What you are asked to do. Up to and including the line that contains "using assms(5) unfolding", reproduce every line exactly, beginning with the first line below.

Provided data.
= = = = =
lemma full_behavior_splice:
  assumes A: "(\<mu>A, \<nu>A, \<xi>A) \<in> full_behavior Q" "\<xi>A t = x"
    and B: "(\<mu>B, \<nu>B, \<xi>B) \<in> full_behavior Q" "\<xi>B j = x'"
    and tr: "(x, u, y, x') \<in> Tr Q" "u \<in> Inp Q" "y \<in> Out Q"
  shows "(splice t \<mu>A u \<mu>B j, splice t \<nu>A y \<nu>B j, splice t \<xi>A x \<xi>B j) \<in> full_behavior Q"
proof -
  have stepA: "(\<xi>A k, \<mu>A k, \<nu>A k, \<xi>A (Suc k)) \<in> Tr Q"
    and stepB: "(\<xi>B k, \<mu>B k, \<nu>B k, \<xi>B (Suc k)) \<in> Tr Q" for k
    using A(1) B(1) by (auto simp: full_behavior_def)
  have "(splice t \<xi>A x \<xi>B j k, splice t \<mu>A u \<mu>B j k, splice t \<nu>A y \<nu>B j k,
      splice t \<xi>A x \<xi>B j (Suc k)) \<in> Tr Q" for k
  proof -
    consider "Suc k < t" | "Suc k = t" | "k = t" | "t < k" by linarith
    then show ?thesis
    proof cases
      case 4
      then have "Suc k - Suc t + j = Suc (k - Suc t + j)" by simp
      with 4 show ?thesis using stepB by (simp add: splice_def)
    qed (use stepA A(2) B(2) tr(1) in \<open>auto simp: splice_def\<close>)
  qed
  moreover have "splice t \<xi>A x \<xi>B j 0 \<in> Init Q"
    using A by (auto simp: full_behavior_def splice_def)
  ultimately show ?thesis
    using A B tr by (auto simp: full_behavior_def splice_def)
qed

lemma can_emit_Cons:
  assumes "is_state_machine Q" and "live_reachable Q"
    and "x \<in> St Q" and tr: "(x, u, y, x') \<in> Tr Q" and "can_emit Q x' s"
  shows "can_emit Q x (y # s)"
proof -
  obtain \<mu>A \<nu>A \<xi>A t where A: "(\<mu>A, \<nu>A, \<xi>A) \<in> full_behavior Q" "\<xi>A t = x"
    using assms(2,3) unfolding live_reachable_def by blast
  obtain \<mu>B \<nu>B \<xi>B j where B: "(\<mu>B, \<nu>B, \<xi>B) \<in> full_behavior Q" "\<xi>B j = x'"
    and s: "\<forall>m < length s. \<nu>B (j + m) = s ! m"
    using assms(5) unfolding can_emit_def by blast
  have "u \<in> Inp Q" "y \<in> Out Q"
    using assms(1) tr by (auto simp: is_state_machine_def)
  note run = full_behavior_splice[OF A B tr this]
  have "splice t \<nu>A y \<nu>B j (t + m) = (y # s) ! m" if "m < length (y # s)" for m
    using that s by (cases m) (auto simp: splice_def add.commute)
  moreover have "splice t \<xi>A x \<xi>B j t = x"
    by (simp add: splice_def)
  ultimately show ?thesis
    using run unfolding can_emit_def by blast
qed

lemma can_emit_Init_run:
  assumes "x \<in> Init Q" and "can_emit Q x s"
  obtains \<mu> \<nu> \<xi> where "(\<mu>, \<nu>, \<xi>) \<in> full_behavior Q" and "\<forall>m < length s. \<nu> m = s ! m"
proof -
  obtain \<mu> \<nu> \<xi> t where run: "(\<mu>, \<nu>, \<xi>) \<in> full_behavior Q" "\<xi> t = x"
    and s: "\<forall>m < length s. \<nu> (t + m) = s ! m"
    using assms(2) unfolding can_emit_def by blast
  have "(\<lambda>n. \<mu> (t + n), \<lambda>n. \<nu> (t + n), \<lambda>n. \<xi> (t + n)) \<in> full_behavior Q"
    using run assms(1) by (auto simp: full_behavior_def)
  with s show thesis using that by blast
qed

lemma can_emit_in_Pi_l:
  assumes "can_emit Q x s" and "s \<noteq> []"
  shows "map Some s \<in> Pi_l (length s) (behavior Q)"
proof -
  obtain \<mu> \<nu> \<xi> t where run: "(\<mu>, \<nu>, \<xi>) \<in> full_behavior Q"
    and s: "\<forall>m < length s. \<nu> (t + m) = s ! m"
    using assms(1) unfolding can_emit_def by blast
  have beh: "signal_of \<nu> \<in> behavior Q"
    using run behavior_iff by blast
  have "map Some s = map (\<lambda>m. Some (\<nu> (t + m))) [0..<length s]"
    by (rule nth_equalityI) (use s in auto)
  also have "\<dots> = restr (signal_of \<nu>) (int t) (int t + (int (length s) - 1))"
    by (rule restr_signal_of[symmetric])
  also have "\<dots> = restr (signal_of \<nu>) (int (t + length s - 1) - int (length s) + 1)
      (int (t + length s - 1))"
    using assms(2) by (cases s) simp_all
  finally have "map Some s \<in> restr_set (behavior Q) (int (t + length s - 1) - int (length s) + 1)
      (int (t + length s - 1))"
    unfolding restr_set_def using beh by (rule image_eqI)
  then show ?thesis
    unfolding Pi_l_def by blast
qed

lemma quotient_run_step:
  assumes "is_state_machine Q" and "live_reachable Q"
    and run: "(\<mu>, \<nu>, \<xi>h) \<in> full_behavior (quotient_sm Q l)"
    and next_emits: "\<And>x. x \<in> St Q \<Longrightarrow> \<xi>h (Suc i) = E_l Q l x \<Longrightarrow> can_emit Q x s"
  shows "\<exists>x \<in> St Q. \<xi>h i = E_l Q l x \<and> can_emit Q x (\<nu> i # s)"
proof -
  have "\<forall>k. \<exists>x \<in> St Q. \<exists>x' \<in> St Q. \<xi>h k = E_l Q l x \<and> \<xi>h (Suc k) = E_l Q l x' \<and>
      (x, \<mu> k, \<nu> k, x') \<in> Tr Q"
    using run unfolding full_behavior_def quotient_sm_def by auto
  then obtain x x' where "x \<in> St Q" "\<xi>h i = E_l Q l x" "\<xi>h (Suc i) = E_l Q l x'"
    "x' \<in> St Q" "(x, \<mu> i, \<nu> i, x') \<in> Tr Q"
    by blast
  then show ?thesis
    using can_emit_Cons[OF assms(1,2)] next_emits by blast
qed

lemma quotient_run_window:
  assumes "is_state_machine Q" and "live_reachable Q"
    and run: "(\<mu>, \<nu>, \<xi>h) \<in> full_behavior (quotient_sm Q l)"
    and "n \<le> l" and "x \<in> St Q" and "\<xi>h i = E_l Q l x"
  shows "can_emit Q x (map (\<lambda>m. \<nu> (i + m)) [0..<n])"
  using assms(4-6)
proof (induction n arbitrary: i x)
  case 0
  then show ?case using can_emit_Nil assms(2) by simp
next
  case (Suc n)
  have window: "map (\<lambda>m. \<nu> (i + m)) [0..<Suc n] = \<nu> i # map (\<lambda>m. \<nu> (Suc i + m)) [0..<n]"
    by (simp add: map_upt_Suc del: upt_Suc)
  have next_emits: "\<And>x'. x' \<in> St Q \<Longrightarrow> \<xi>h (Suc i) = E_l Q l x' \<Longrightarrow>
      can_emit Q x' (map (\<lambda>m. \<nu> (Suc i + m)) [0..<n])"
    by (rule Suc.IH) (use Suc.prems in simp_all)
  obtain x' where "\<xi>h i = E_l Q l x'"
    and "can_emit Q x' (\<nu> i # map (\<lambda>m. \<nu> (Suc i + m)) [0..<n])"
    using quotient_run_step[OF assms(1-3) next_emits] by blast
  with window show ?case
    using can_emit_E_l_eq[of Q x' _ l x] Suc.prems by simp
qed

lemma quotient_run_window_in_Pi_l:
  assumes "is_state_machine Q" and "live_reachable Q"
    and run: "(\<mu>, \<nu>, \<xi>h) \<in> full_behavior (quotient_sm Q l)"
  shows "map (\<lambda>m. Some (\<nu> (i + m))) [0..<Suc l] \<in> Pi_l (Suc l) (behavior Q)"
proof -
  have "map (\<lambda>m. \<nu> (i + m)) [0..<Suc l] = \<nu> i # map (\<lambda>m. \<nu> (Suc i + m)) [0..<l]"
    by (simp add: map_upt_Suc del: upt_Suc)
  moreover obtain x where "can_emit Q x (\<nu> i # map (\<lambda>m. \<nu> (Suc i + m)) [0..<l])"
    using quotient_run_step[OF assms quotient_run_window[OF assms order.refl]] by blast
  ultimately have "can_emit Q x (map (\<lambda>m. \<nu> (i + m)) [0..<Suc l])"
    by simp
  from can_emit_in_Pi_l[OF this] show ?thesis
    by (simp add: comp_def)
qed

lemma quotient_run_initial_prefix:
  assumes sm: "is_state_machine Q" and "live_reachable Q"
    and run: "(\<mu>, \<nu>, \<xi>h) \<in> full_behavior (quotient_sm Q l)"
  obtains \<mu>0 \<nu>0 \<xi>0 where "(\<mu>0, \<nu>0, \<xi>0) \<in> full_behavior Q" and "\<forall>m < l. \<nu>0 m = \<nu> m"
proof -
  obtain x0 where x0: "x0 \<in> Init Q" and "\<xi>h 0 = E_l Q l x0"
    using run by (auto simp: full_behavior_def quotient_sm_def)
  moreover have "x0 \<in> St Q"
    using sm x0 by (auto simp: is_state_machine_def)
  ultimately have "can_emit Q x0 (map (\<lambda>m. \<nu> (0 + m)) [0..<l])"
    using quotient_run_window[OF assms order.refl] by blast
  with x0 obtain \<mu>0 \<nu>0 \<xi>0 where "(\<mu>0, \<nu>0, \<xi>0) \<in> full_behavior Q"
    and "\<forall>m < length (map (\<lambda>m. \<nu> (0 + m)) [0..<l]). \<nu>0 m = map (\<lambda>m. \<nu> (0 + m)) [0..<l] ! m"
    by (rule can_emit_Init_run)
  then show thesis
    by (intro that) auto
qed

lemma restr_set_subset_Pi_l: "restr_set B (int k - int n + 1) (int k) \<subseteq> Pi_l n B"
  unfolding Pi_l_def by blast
= = = = =
Written reply.
lemma full_behavior_splice:
  assumes A: "(\<mu>A, \<nu>A, \<xi>A) \<in> full_behavior Q" "\<xi>A t = x"
    and B: "(\<mu>B, \<nu>B, \<xi>B) \<in> full_behavior Q" "\<xi>B j = x'"
    and tr: "(x, u, y, x') \<in> Tr Q" "u \<in> Inp Q" "y \<in> Out Q"
  shows "(splice t \<mu>A u \<mu>B j, splice t \<nu>A y \<nu>B j, splice t \<xi>A x \<xi>B j) \<in> full_behavior Q"
proof -
  have stepA: "(\<xi>A k, \<mu>A k, \<nu>A k, \<xi>A (Suc k)) \<in> Tr Q"
    and stepB: "(\<xi>B k, \<mu>B k, \<nu>B k, \<xi>B (Suc k)) \<in> Tr Q" for k
    using A(1) B(1) by (auto simp: full_behavior_def)
  have "(splice t \<xi>A x \<xi>B j k, splice t \<mu>A u \<mu>B j k, splice t \<nu>A y \<nu>B j k,
      splice t \<xi>A x \<xi>B j (Suc k)) \<in> Tr Q" for k
  proof -
    consider "Suc k < t" | "Suc k = t" | "k = t" | "t < k" by linarith
    then show ?thesis
    proof cases
      case 4
      then have "Suc k - Suc t + j = Suc (k - Suc t + j)" by simp
      with 4 show ?thesis using stepB by (simp add: splice_def)
    qed (use stepA A(2) B(2) tr(1) in \<open>auto simp: splice_def\<close>)
  qed
  moreover have "splice t \<xi>A x \<xi>B j 0 \<in> Init Q"
    using A by (auto simp: full_behavior_def splice_def)
  ultimately show ?thesis
    using A B tr by (auto simp: full_behavior_def splice_def)
qed

lemma can_emit_Cons:
  assumes "is_state_machine Q" and "live_reachable Q"
    and "x \<in> St Q" and tr: "(x, u, y, x') \<in> Tr Q" and "can_emit Q x' s"
  shows "can_emit Q x (y # s)"
proof -
  obtain \<mu>A \<nu>A \<xi>A t where A: "(\<mu>A, \<nu>A, \<xi>A) \<in> full_behavior Q" "\<xi>A t = x"
    using assms(2,3) unfolding live_reachable_def by blast
  obtain \<mu>B \<nu>B \<xi>B j where B: "(\<mu>B, \<nu>B, \<xi>B) \<in> full_behavior Q" "\<xi>B j = x'"
    and s: "\<forall>m < length s. \<nu>B (j + m) = s ! m"
    using assms(5) unfolding can_emit_def by blast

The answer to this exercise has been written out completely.